Work performed in the DEPEND group is fundamentally reinventing the design of computer systems, from hardware to applications. Systems are designed to use artificial intelligence and machine-learning to control and optimize large-scale heterogeneous computer systems to meet the performance and resiliency requirements of those emergent applications.
Two recent publications on scheduling application kernels to achieve high performance, and detecting failures and performance anomalies in heterogenous systems are accepted at ICML 2020 and Supercomputing 2020.

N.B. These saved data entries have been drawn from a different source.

text \<open>Suppose the representation were monic with cyclic vector \<xi>. Because D_v contains a
  subset X_v of intermediate measure, L^2(D_v) is at least two-dimensional, so it contains a
  nonzero h orthogonal to \<xi>. For a path \<lambda> with r(\<lambda>) = v, T_\<lambda> T_\<lambda>^* is the
  projection onto L^2(R_\<lambda>) = L^2(D_v), hence <T_\<lambda> T_\<lambda>^* \<xi>, h> = <\<xi>, h> = 0. For any other
  \<lambda>, the range R_\<lambda> lies a.e. in D_{r(\<lambda>)}, which is a.e. disjoint from D_v, so T_\<lambda> T_\<lambda>^* \<xi>
  vanishes on the support of h. Thus h is orthogonal to every T_\<lambda> T_\<lambda>^* \<xi>, and these
  vectors cannot span a dense subspace.\<close>

section \<open>Square-integrable functions\<close>

lemma borel_measurable_cnj [measurable]:
  "f \<in> borel_measurable M \<Longrightarrow> (\<lambda>x. cnj (f x)) \<in> borel_measurable M"
  by (rule borel_measurable_continuous_on[where f=cnj]) (auto intro: continuous_intros)

lemma L2_borel_measurable: "u \<in> L2 M \<Longrightarrow> u \<in> borel_measurable M"
  by (simp add: L2_def)

lemma L2_iff_nn_integral:
  "u \<in> L2 M \<longleftrightarrow> u \<in> borel_measurable M \<and> (\<integral>\<^sup>+ x. ennreal ((cmod (u x))\<^sup>2) \<partial>M) < \<infinity>"
  by (auto simp: L2_def integrable_iff_bounded)

lemma integrable_L2_product:
  assumes "u \<in> L2 M" "w \<in> L2 M"
  shows "integrable M (\<lambda>x. u x * cnj (w x))"
proof (rule Bochner_Integration.integrable_bound)
  show "integrable M (\<lambda>x. (cmod (u x))\<^sup>2 + (cmod (w x))\<^sup>2)"
    using assms by (auto simp: L2_def)
  show "(\<lambda>x. u x * cnj (w x)) \<in> borel_measurable M"
    using assms[THEN L2_borel_measurable] by measurable
  have "cmod (u x) * cmod (w x) \<le> (cmod (u x))\<^sup>2 + (cmod (w x))\<^sup>2" for x
    using sum_squares_bound[of "cmod (u x)" "cmod (w x)"]
      mult_nonneg_nonneg[OF norm_ge_zero norm_ge_zero, of "u x" "w x"] by linarith
  then show "AE x in M. norm (u x * cnj (w x)) \<le> norm ((cmod (u x))\<^sup>2 + (cmod (w x))\<^sup>2)"
    by (simp add: norm_mult)
qed

lemma L2_add:
  assumes "u \<in> L2 M" "w \<in> L2 M"
  shows "(\<lambda>x. u x + w x) \<in> L2 M"
  unfolding L2_def
proof safe
  show "(\<lambda>x. u x + w x) \<in> borel_measurable M"
    using assms by (auto simp: L2_def)
  show "integrable M (\<lambda>x. (cmod (u x + w x))\<^sup>2)"
  proof (rule Bochner_Integration.integrable_bound)
    show "integrable M (\<lambda>x. 2 * (cmod (u x))\<^sup>2 + 2 * (cmod (w x))\<^sup>2)"
      using assms by (auto simp: L2_def)
    show "(\<lambda>x. (cmod (u x + w x))\<^sup>2) \<in> borel_measurable M"
      using assms by (auto simp: L2_def)
    have "(cmod (u x + w x))\<^sup>2 \<le> 2 * (cmod (u x))\<^sup>2 + 2 * (cmod (w x))\<^sup>2" for x
    proof -
      have "(cmod (u x + w x))\<^sup>2 \<le> (cmod (u x) + cmod (w x))\<^sup>2"
        by (simp add: power_mono norm_triangle_ineq)
      also have "\<dots> \<le> 2 * (cmod (u x))\<^sup>2 + 2 * (cmod (w x))\<^sup>2"
        using sum_squares_bound[of "cmod (u x)" "cmod (w x)"] by (simp add: power2_sum)
      finally show ?thesis .
    qed
    then show "AE x in M. norm ((cmod (u x + w x))\<^sup>2) \<le> norm (2 * (cmod (u x))\<^sup>2 + 2 * (cmod (w x))\<^sup>2)"
      by simp
  qed
qed

lemma L2_mult_const: "u \<in> L2 M \<Longrightarrow> (\<lambda>x. a * u x) \<in> L2 M"
  by (auto simp: L2_def norm_mult power_mult_distrib)

lemma L2_sum:
  assumes "\<And>i. i \<in> F \<Longrightarrow> u i \<in> L2 M"
  shows "(\<lambda>x. \<Sum>i\<in>F. u i x) \<in> L2 M"
proof -
  have "(\<lambda>x. 0) \<in> L2 M"
    by (simp add: L2_def)
  with assms show ?thesis
    by (induction F rule: infinite_finite_induct) (simp_all add: L2_add)
qed

lemma L2_indicator:
  assumes "A \<in> sets M" "emeasure M A < \<infinity>"
  shows "(\<lambda>x. indicator A x :: complex) \<in> L2 M"
proof -
  have "(\<lambda>x. (cmod (indicator A x :: complex))\<^sup>2) = (indicator A :: _ \<Rightarrow> real)"
    by (auto simp: indicator_def)
  then show ?thesis
    using assms unfolding L2_def by auto
qed

lemma L2_inner_cnj: "cnj (L2_inner M u w) = L2_inner M w u"
  unfolding L2_inner_def Bochner_Integration.integral_cnj[symmetric] by (simp add: mult.commute)

lemma L2_inner_cong_AE:
  assumes "u \<in> L2 M" "w \<in> L2 M" "w' \<in> L2 M" "AE x in M. w x = w' x"
  shows "L2_inner M u w = L2_inner M u w'"
proof -
  have [measurable]: "u \<in> borel_measurable M" "w \<in> borel_measurable M" "w' \<in> borel_measurable M"
    using assms by (auto simp: L2_def)
  have "AE x in M. u x * cnj (w x) = u x * cnj (w' x)"
    using assms(4) by eventually_elim simp
  then show ?thesis
    unfolding L2_inner_def by (rule integral_cong_AE[rotated 2]) measurable
qed

lemma L2_inner_sum_left:
  assumes "finite F" "\<And>i. i \<in> F \<Longrightarrow> u i \<in> L2 M" "w \<in> L2 M"
  shows "L2_inner M (\<lambda>x. \<Sum>i\<in>F. a i * u i x) w = (\<Sum>i\<in>F. a i * L2_inner M (u i) w)"
proof -
  have "L2_inner M (\<lambda>x. \<Sum>i\<in>F. a i * u i x) w = (\<integral>x. (\<Sum>i\<in>F. a i * (u i x * cnj (w x))) \<partial>M)"
    unfolding L2_inner_def by (simp add: sum_distrib_right mult.assoc)
  also have "\<dots> = (\<Sum>i\<in>F. a i * L2_inner M (u i) w)"
    using assms unfolding L2_inner_def
    by (subst Bochner_Integration.integral_sum) (auto intro!: integrable_mult_right integrable_L2_product)
  finally show ?thesis .
qed

lemma L2_norm_le_dist_orthogonal:
  assumes h: "h \<in> L2 M" and u: "u \<in> L2 M" and orth: "L2_inner M u h = 0"
  shows "(\<integral>x. (cmod (h x))\<^sup>2 \<partial>M) \<le> (\<integral>x. (cmod (h x - u x))\<^sup>2 \<partial>M)"
proof -
  have int_h: "integrable M (\<lambda>x. (cmod (h x))\<^sup>2)" and int_u: "integrable M (\<lambda>x. (cmod (u x))\<^sup>2)"
    using h u by (simp_all add: L2_def)
  have int_uh: "integrable M (\<lambda>x. u x * cnj (h x))"
    using u h by (rule integrable_L2_product)
  have int_Re: "integrable M (\<lambda>x. 2 * Re (u x * cnj (h x)))"
    by (intro integrable_mult_right integrable_Re int_uh)
  have "(cmod (h x - u x))\<^sup>2 = (cmod (h x))\<^sup>2 + (cmod (u x))\<^sup>2 - 2 * Re (u x * cnj (h x))" for x
    unfolding cmod_power2 by (simp add: power2_eq_square algebra_simps)
  then have "(\<integral>x. (cmod (h x - u x))\<^sup>2 \<partial>M)
      = (\<integral>x. (cmod (h x))\<^sup>2 + (cmod (u x))\<^sup>2 \<partial>M) - (\<integral>x. 2 * Re (u x * cnj (h x)) \<partial>M)"
    using Bochner_Integration.integral_diff[OF Bochner_Integration.integrable_add[OF int_h int_u] int_Re]
    by simp
  also have "\<dots> = (\<integral>x. (cmod (h x))\<^sup>2 \<partial>M) + (\<integral>x. (cmod (u x))\<^sup>2 \<partial>M) - 2 * Re (L2_inner M u h)"
    unfolding L2_inner_def Bochner_Integration.integral_add[OF int_h int_u]
      integral_mult_right_zero integral_Re[OF int_uh] ..
  finally show ?thesis
    using orth integral_nonneg_AE[of "\<lambda>x. (cmod (u x))\<^sup>2" M] by simp
qed

lemma L2_norm_le_dist_orthogonal_span:
  assumes "h \<in> L2 M" "finite F" "\<And>i. i \<in> F \<Longrightarrow> u i \<in> L2 M" "\<And>i. i \<in> F \<Longrightarrow> L2_inner M (u i) h = 0"
  shows "(\<integral>x. (cmod (h x))\<^sup>2 \<partial>M) \<le> (\<integral>x. (cmod (h x - (\<Sum>i\<in>F. a i * u i x)))\<^sup>2 \<partial>M)"
  using assms by (intro L2_norm_le_dist_orthogonal L2_sum L2_mult_const) (auto simp: L2_inner_sum_left)

lemma integral_cmod_square_pos:
  assumes "h \<in> L2 M" "A \<in> sets M" "0 < emeasure M A" "\<And>x. x \<in> A \<Longrightarrow> h x \<noteq> 0"
  shows "0 < (\<integral>x. (cmod (h x))\<^sup>2 \<partial>M)"
proof -
  have "{x\<in>space M. x \<in> A} = A"
    using sets.sets_into_space[OF assms(2)] by auto
  then have "\<not> (AE x in M. x \<notin> A)"
    using assms(2,3) by (simp add: AE_iff_measurable[OF _ refl])
  moreover have "AE x in M. x \<notin> A" if "AE x in M. (cmod (h x))\<^sup>2 = 0"
    using that by eventually_elim (use assms(4) in auto)
  ultimately have "\<not> (AE x in M. (cmod (h x))\<^sup>2 = 0)"
    by blast
  then show ?thesis
    using assms(1) by (simp add: L2_def integral_nonneg_eq_0_iff_AE less_le integral_nonneg_AE)
qed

- Saurabh Jha , Shengkun Cui, Subho Banerjee , Tianyin Xu, Jeremy Enos, Mike Showerman, Zbigniew T. Kalbarczyk, Ravishankar K. Iyer (2020). Understanding, Detecting, and Localizing Failures in High-Performance Storage Systems. Proceedings of the International Conference for High-Performance Computing, Networking, Storage and Analysis 2020 Nov 17 (SC 2020)
- Subho S Banerjee, Saurabh Jha, Zbigniew Kalbarczyk, Ravishankar K. Iyer. Inductive Bias-driven Reinforcement Learning For Efficient Schedules in Heterogeneous Clusters. Thirty-seventh International Conference on Machine Learning (ICML 2020).